[ACTION ITEM] Search the records for "have" and copy each line that holds it.

--

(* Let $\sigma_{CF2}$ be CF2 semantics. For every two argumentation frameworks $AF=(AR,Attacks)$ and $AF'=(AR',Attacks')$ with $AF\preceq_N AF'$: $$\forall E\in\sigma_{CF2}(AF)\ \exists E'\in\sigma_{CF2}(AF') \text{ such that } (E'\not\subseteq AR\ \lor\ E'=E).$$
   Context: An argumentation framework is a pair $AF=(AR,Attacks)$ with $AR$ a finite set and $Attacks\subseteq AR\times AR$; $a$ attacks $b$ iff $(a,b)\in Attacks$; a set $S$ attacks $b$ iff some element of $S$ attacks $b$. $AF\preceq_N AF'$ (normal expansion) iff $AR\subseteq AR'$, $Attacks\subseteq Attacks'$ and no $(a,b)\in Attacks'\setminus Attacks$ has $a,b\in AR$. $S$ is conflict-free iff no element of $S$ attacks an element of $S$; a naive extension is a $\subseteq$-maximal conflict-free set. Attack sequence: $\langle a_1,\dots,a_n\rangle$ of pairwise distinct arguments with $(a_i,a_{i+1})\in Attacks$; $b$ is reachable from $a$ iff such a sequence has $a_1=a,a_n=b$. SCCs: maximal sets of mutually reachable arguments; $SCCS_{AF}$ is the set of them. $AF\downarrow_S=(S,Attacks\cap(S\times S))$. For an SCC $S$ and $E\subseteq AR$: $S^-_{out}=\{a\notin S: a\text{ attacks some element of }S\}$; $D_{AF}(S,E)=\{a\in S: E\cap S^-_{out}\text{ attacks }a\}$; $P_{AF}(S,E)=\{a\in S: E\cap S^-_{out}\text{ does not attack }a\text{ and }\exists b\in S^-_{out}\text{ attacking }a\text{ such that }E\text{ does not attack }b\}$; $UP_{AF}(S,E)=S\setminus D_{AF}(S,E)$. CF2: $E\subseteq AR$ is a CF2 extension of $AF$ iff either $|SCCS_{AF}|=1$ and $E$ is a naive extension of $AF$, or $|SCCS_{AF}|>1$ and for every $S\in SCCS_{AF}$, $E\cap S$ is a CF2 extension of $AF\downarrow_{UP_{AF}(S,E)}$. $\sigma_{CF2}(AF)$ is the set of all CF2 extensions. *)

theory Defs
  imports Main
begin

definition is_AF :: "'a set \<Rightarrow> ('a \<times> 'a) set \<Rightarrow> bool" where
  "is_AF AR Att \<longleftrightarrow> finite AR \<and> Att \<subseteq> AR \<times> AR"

--

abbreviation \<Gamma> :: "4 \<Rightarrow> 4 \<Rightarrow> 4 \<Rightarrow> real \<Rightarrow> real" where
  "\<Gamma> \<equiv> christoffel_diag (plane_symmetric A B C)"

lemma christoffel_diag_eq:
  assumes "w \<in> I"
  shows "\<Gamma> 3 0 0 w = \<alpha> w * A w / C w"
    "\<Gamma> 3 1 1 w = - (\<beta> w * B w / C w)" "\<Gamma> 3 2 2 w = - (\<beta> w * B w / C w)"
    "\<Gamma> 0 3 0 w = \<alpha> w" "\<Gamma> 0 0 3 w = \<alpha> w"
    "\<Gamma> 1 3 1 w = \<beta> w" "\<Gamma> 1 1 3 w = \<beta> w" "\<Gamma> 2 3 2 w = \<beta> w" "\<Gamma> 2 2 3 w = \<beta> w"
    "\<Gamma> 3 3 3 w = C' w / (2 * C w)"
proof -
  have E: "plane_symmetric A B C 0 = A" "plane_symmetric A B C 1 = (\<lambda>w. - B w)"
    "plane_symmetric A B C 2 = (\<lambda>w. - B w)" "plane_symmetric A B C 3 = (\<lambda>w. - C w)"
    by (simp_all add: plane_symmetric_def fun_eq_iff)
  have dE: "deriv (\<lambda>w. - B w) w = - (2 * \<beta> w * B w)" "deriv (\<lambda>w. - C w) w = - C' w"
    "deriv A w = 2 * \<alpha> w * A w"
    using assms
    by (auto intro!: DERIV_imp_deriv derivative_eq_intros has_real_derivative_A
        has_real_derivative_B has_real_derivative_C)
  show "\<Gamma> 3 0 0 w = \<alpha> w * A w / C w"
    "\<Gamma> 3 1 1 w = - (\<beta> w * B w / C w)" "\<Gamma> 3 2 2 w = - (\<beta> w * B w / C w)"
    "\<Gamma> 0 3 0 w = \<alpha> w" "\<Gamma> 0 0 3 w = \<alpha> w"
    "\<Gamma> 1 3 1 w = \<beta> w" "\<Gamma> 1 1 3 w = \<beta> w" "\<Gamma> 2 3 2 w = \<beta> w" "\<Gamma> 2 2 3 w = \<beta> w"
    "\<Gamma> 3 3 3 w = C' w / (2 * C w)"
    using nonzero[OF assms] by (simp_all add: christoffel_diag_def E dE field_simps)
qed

--

[SOLUTION TO THIS EXERCISE]
  have E: "plane_symmetric A B C 0 = A" "plane_symmetric A B C 1 = (\<lambda>w. - B w)"
  have dE: "deriv (\<lambda>w. - B w) w = - (2 * \<beta> w * B w)" "deriv (\<lambda>w. - C w) w = - C' w"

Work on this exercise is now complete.